======== EXCERPTED RECORDS

(* Assume $\gcd(l,m)=1$, let $\mathcal G(\boldsymbol\nu,\boldsymbol\rho)$ be the regular $\boldsymbol\nu$-graph of the construction (with the unique $u_r,v_r$ making each $\mathcal A_r^t$ of slope $\alpha_{r+1}$ and each $\mathcal B_r^t$ of slope $-\beta_{r+1}$). Put $\Omega=\max_{1\le i\le l,\,1\le j\le m}(\alpha_i+\beta_j)$ and $\omega=\min_{1\le i\le l,\,1\le j\le m}(\alpha_i+\beta_j)$, and assume $\omega>0$. If $$\frac{\psi_r^n+1}{\psi_r^l+\psi_r^m}\ge\frac{\Omega}{\omega}\quad\text{for every }r\in\{0,\dots,k-1\},$$ then $v_r\ge u_r$ for all $0\le r<k$, and $\mathcal G(\boldsymbol\nu,\boldsymbol\rho)$ is proper.
   Context: Setting: $l,m$ positive integers, $n=l+m$, $k=\operatorname{lcm}(l,m)$, weights $\alpha_1,\dots,\alpha_l,\beta_1,\dots,\beta_m\ge0$ not all zero with $\sum\alpha_i=\sum\beta_j$, $\boldsymbol\nu=(\alpha_1,\dots,\alpha_l,-\beta_1,\dots,-\beta_m)$, $\boldsymbol\rho=(\rho_1,\dots,\rho_k)$ with all $\rho_i>1$. Indexing: for integer $r$, $\alpha_r:=\alpha_i$ ($1\le i\le l$, $r\equiv i\bmod l$), $\beta_r:=\beta_j$ ($1\le j\le m$, $r\equiv j\bmod m$), $\rho_r:=\rho_h$ ($1\le h\le k$, $r\equiv h\bmod k$); $u_r,v_r$ extended $k$-periodically. $\sigma_0=1$, $\sigma_r=\rho_1\cdots\rho_r$ ($1\le r\le k$), $\tau=\rho_1\cdots\rho_k$, $\sigma_{sk+h}=\tau^s\sigma_h$ ($s\in\mathbb Z$, $0\le h<k$); $\psi_r^s=\rho_{r+1}\cdots\rho_{r+s}$. Points ${\bf a}_r^t=\tau^t\sigma_r(1,u_r)$, ${\bf b}_r^t=\tau^t\sigma_r(1,v_r)$; segments $\mathcal A_r^t=[{\bf a}_r^t,{\bf b}_{r+l}^t]$, $\mathcal B_r^t=[{\bf b}_r^t,{\bf a}_{r+m}^t]$ ($0\le r<k$, $t\in\mathbb Z$); $\mathcal G(\boldsymbol\nu,\boldsymbol\rho)=\{{\bf 0}\}\cup\bigcup_{t,r}(\mathcal A_r^t\cup\mathcal B_r^t)$, which is the union of the graphs of functions $P_1\le\dots\le P_n$ on $[0,\infty)$. Such a system (graph) is proper if for each $q>0$ and each $i$ with $1\le i<n$ and $P_i(q)<P_{i+1}(q)$, the sum of the slopes of $P_1,\dots,P_i$ immediately to the left of $q$ does not exceed the sum of the slopes of $P_1,\dots,P_i$ immediately to the right of $q$. *)

theory Defs
  imports "HOL-Analysis.Analysis"
begin

text \<open>Periodic extension of a 1-based family f_1..f_p to all integer indices:
  f_r := f_i with 1 \<le> i \<le> p and r \<equiv> i mod p.\<close>
definition ext1 :: "nat \<Rightarrow> (nat \<Rightarrow> real) \<Rightarrow> int \<Rightarrow> real" where
  "ext1 p f r = f (nat ((r - 1) mod int p) + 1)"

definition ext0 :: "nat \<Rightarrow> (nat \<Rightarrow> real) \<Rightarrow> int \<Rightarrow> real" where
  "ext0 p f r = f (nat (r mod int p))"

definition tau :: "nat \<Rightarrow> (nat \<Rightarrow> real) \<Rightarrow> real" where
  "tau k rho = (\<Prod>h=1..k. rho h)"

definition sig :: "nat \<Rightarrow> (nat \<Rightarrow> real) \<Rightarrow> int \<Rightarrow> real" where
  "sig k rho r = tau k rho powi (r div int k) * (\<Prod>h=1..nat (r mod int k). rho h)"

definition psi :: "nat \<Rightarrow> (nat \<Rightarrow> real) \<Rightarrow> int \<Rightarrow> nat \<Rightarrow> real" where
  "psi k rho r s = (\<Prod>j=1..s. ext1 k rho (r + int j))"

text \<open>Points a_R = sigma_R (1, u_R), b_R = sigma_R (1, v_R) for a global index R \<in> Z;
  for R = r + t k (0 \<le> r < k) these are exactly a_r^t, b_r^t.\<close>
definition pa :: "nat \<Rightarrow> (nat \<Rightarrow> real) \<Rightarrow> (nat \<Rightarrow> real) \<Rightarrow> int \<Rightarrow> real \<times> real" where
  "pa k rho u R = (sig k rho R, sig k rho R * ext0 k u R)"

definition pb :: "nat \<Rightarrow> (nat \<Rightarrow> real) \<Rightarrow> (nat \<Rightarrow> real) \<Rightarrow> int \<Rightarrow> real \<times> real" where
  "pb k rho v R = (sig k rho R, sig k rho R * ext0 k v R)"

definition Ggraph :: "nat \<Rightarrow> nat \<Rightarrow> (nat \<Rightarrow> real) \<Rightarrow> (nat \<Rightarrow> real) \<Rightarrow> (nat \<Rightarrow> real) \<Rightarrow> (real \<times> real) set" where
  "Ggraph l m rho u v = (let k = lcm l m in
     {0} \<union> (\<Union>R. closed_segment (pa k rho u R) (pb k rho v (R + int l))
                 \<union> closed_segment (pb k rho v R) (pa k rho u (R + int m))))"

definition segval :: "real \<times> real \<Rightarrow> real \<times> real \<Rightarrow> real \<Rightarrow> real" where
  "segval p q x = snd p + (x - fst p) * (snd q - snd p) / (fst q - fst p)"
theorem theorem2:
  "\<exists>C>0. \<forall>(n::nat) (d::nat) (\<epsilon>::real) (\<delta>::real) (x0::nat \<Rightarrow> nat \<Rightarrow> real).
     n \<ge> 1 \<longrightarrow> \<epsilon> > 0 \<longrightarrow> \<delta> > 0 \<longrightarrow>
     (\<integral>\<^sup>+ \<omega>. hk_time n d \<epsilon> \<delta> x0 \<omega> \<partial>hk_space n)
       \<le> ennreal (C * real n ^ 3 * (real n ^ 2 + (\<epsilon> / \<delta>)^2))"
proof (intro exI[of _ 8] conjI allI impI)
  fix n d :: nat and \<epsilon> \<delta> :: real and x0 :: "nat \<Rightarrow> nat \<Rightarrow> real"
  assume n: "n \<ge> 1" and \<epsilon>: "\<epsilon> > 0" and \<delta>: "\<delta> > 0"
  define L where "L = min (\<delta>^2) (\<epsilon>^2 / (8 * real n ^ 2)) / n"
  have "0 < L"
    using n \<epsilon> \<delta> by (simp add: L_def)
  then have "(\<integral>\<^sup>+ \<omega>. hk_time n d \<epsilon> \<delta> x0 \<omega> \<partial>hk_space n) \<le> ennreal (hk_potential n d \<epsilon> x0 / L)"
    using hk_potential_drift[OF n \<epsilon> \<delta>] unfolding L_def
    by (intro hk_expected_time_le_drift[OF n _ hk_potential_nonneg])
  also have "\<dots> \<le> ennreal (8 * real n ^ 3 * (real n ^ 2 + (\<epsilon> / \<delta>)^2))"
    unfolding L_def by (intro ennreal_leI potential_drift_ratio_le[OF n \<epsilon> \<delta> hk_potential_le])
  finally show "(\<integral>\<^sup>+ \<omega>. hk_time n d \<epsilon> \<delta> x0 \<omega> \<partial>hk_space n)
      \<le> ennreal (8 * real n ^ 3 * (real n ^ 2 + (\<epsilon> / \<delta>)^2))" .
qed simp

end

================

Transcribe the entries above word for word, from the first line through the line containing "theory Defs", and nothing else.

ANSWER SECTION –
(* Assume $\gcd(l,m)=1$, let $\mathcal G(\boldsymbol\nu,\boldsymbol\rho)$ be the regular $\boldsymbol\nu$-graph of the construction (with the unique $u_r,v_r$ making each $\mathcal A_r^t$ of slope $\alpha_{r+1}$ and each $\mathcal B_r^t$ of slope $-\beta_{r+1}$). Put $\Omega=\max_{1\le i\le l,\,1\le j\le m}(\alpha_i+\beta_j)$ and $\omega=\min_{1\le i\le l,\,1\le j\le m}(\alpha_i+\beta_j)$, and assume $\omega>0$. If $$\frac{\psi_r^n+1}{\psi_r^l+\psi_r^m}\ge\frac{\Omega}{\omega}\quad\text{for every }r\in\{0,\dots,k-1\},$$ then $v_r\ge u_r$ for all $0\le r<k$, and $\mathcal G(\boldsymbol\nu,\boldsymbol\rho)$ is proper.
   Context: Setting: $l,m$ positive integers, $n=l+m$, $k=\operatorname{lcm}(l,m)$, weights $\alpha_1,\dots,\alpha_l,\beta_1,\dots,\beta_m\ge0$ not all zero with $\sum\alpha_i=\sum\beta_j$, $\boldsymbol\nu=(\alpha_1,\dots,\alpha_l,-\beta_1,\dots,-\beta_m)$, $\boldsymbol\rho=(\rho_1,\dots,\rho_k)$ with all $\rho_i>1$. Indexing: for integer $r$, $\alpha_r:=\alpha_i$ ($1\le i\le l$, $r\equiv i\bmod l$), $\beta_r:=\beta_j$ ($1\le j\le m$, $r\equiv j\bmod m$), $\rho_r:=\rho_h$ ($1\le h\le k$, $r\equiv h\bmod k$); $u_r,v_r$ extended $k$-periodically. $\sigma_0=1$, $\sigma_r=\rho_1\cdots\rho_r$ ($1\le r\le k$), $\tau=\rho_1\cdots\rho_k$, $\sigma_{sk+h}=\tau^s\sigma_h$ ($s\in\mathbb Z$, $0\le h<k$); $\psi_r^s=\rho_{r+1}\cdots\rho_{r+s}$. Points ${\bf a}_r^t=\tau^t\sigma_r(1,u_r)$, ${\bf b}_r^t=\tau^t\sigma_r(1,v_r)$; segments $\mathcal A_r^t=[{\bf a}_r^t,{\bf b}_{r+l}^t]$, $\mathcal B_r^t=[{\bf b}_r^t,{\bf a}_{r+m}^t]$ ($0\le r<k$, $t\in\mathbb Z$); $\mathcal G(\boldsymbol\nu,\boldsymbol\rho)=\{{\bf 0}\}\cup\bigcup_{t,r}(\mathcal A_r^t\cup\mathcal B_r^t)$, which is the union of the graphs of functions $P_1\le\dots\le P_n$ on $[0,\infty)$. Such a system (graph) is proper if for each $q>0$ and each $i$ with $1\le i<n$ and $P_i(q)<P_{i+1}(q)$, the sum of the slopes of $P_1,\dots,P_i$ immediately to the left of $q$ does not exceed the sum of the slopes of $P_1,\dots,P_i$ immediately to the right of $q$. *)

theory Defs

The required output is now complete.